(* Protocol P1 (described in the context) perfectly constructs (i.e. $0$-constructs) the Single-Plane Remote State Preparation resource SP-RSP from one use of the Remote Rotation with Dephasing resource $\mathrm{RR}_\mathrm{D}$, in the Abstract Cryptography framework.
   Context: Notation: $\Theta=\{k\pi/4 : k=0,\dots,7\}$; for $\theta\in\Theta$, $|+_\theta\rangle=(|0\rangle+e^{i\theta}|1\rangle)/\sqrt2$; $R_Z(\theta)=\mathrm{diag}(1,e^{i\theta})$ (so $R_Z(\theta)|+\rangle=|+_\theta\rangle$); $X$ is the Pauli bit flip. For a map $C$ and state $\rho$, $C(\rho)$ denotes $C\rho C^\dagger$. Abstract Cryptography (AC) framework (two parties: a Sender, always assumed honest, and a Receiver). A resource is a system with an interface for each party which receives (classical or quantum) inputs at its interfaces, applies a specified CPTP map, and returns outputs at interfaces; a filtered interface is one accessible only to a dishonest party. A protocol $\pi=(\pi_S,\pi_R)$ consists of converters (sequences of CPTP maps describing the honest parties' actions) plugged into the interfaces of the available resource $\mathcal R$, giving a new resource $\pi\mathcal R$. A distinguisher is an unbounded system that interacts with all outer interfaces of a resource (adaptively) and outputs a bit. Two resources $\mathcal R_1,\mathcal R_2$ with the same interfaces are $\epsilon$-indistinguishable, $\mathcal R_1\approx_\epsilon\mathcal R_2$, if for every distinguisher $\mathcal D$, $|\Pr[\mathcal D\mathcal R_1=1]-\Pr[\mathcal D\mathcal R_2=1]|\le\epsilon$. A protocol $\pi$ $\epsilon$-constructs resource $\mathcal S$ from resource $\mathcal R$ if (1) correctness: $\pi\mathcal R\approx_\epsilon\mathcal S$, and (2) security against a malicious Receiver: there exists a converter (simulator) $\sigma$ plugged into the Receiver's interface of $\mathcal S$ such that $\pi_S\mathcal R\approx_\epsilon \mathcal S\sigma$. "Perfectly constructs" means $\epsilon=0$. Resource SP-RSP: the Sender inputs $\theta\in\Theta$; the resource sends a qubit in state $|+_\theta\rangle$ to the Receiver. Resource $\mathrm{RR}_\mathrm{D}$: the Sender inputs $\theta\in\Theta$; the Receiver inputs a single qubit in state $\rho$; the resource samples $b\in\{0,1\}$ uniformly at random and outputs the qubit $R_Z(\theta)X^b(\rho)$ to the Receiver. Protocol P1: the Sender inputs $\theta$ into $\mathrm{RR}_\mathrm{D}$; the honest Receiver inputs a qubit in state $|+\rangle$ into $\mathrm{RR}_\mathrm{D}$ and sets the qubit returned by $\mathrm{RR}_\mathrm{D}$ as its output. *)

theory Defs
  imports Complex_Main
begin

text \<open>Operators are complex matrices
represented as functions of two indices; every operation that sums over an
index is given the relevant (finite) index set explicitly.
Qubit basis: False = |0>, True = |1>.\<close>

type_synonym 'i qop = "'i \<Rightarrow> 'i \<Rightarrow> complex"

definition mmul :: "'j set \<Rightarrow> ('i \<Rightarrow> 'j \<Rightarrow> complex) \<Rightarrow> ('j \<Rightarrow> 'k \<Rightarrow> complex) \<Rightarrow> 'i \<Rightarrow> 'k \<Rightarrow> complex" where
  "mmul J A B i k = (\<Sum>j\<in>J. A i j * B j k)"

definition adj :: "('i \<Rightarrow> 'j \<Rightarrow> complex) \<Rightarrow> 'j \<Rightarrow> 'i \<Rightarrow> complex" where
  "adj A j i = cnj (A i j)"

definition idm :: "'i qop" where
  "idm i j = (if i = j then 1 else 0)"

definition conj_by :: "'j set \<Rightarrow> ('i \<Rightarrow> 'j \<Rightarrow> complex) \<Rightarrow> 'j qop \<Rightarrow> 'i qop" where
  "conj_by J C \<rho> = mmul J (mmul J C \<rho>) (adj C)"

definition kron :: "('a \<Rightarrow> 'b \<Rightarrow> complex) \<Rightarrow> ('c \<Rightarrow> 'd \<Rightarrow> complex) \<Rightarrow> ('a \<times> 'c) \<Rightarrow> ('b \<times> 'd) \<Rightarrow> complex" where
  "kron A B x y = A (fst x) (fst y) * B (snd x) (snd y)"

definition proj :: "('i \<Rightarrow> complex) \<Rightarrow> 'i qop" where
  "proj v i j = v i * cnj (v j)"

definition trace :: "'i set \<Rightarrow> 'i qop \<Rightarrow> complex" where
  "trace I A = (\<Sum>i\<in>I. A i i)"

※ ※ ※

● **What you need to do**
Among the records, find each line where the word "mmul" occurs, and copy it.

● **Output below**
definition mmul :: "'j set \<Rightarrow> ('i \<Rightarrow> 'j \<Rightarrow> complex) \<Rightarrow> ('j \<Rightarrow> 'k \<Rightarrow> complex) \<Rightarrow> 'i \<Rightarrow> 'k \<Rightarrow> complex" where
  "mmul J A B i k = (\<Sum>j\<in>J. A i j * B j k)"
  "conj_by J C \<rho> = mmul J (mmul J C \<rho>) (adj C)"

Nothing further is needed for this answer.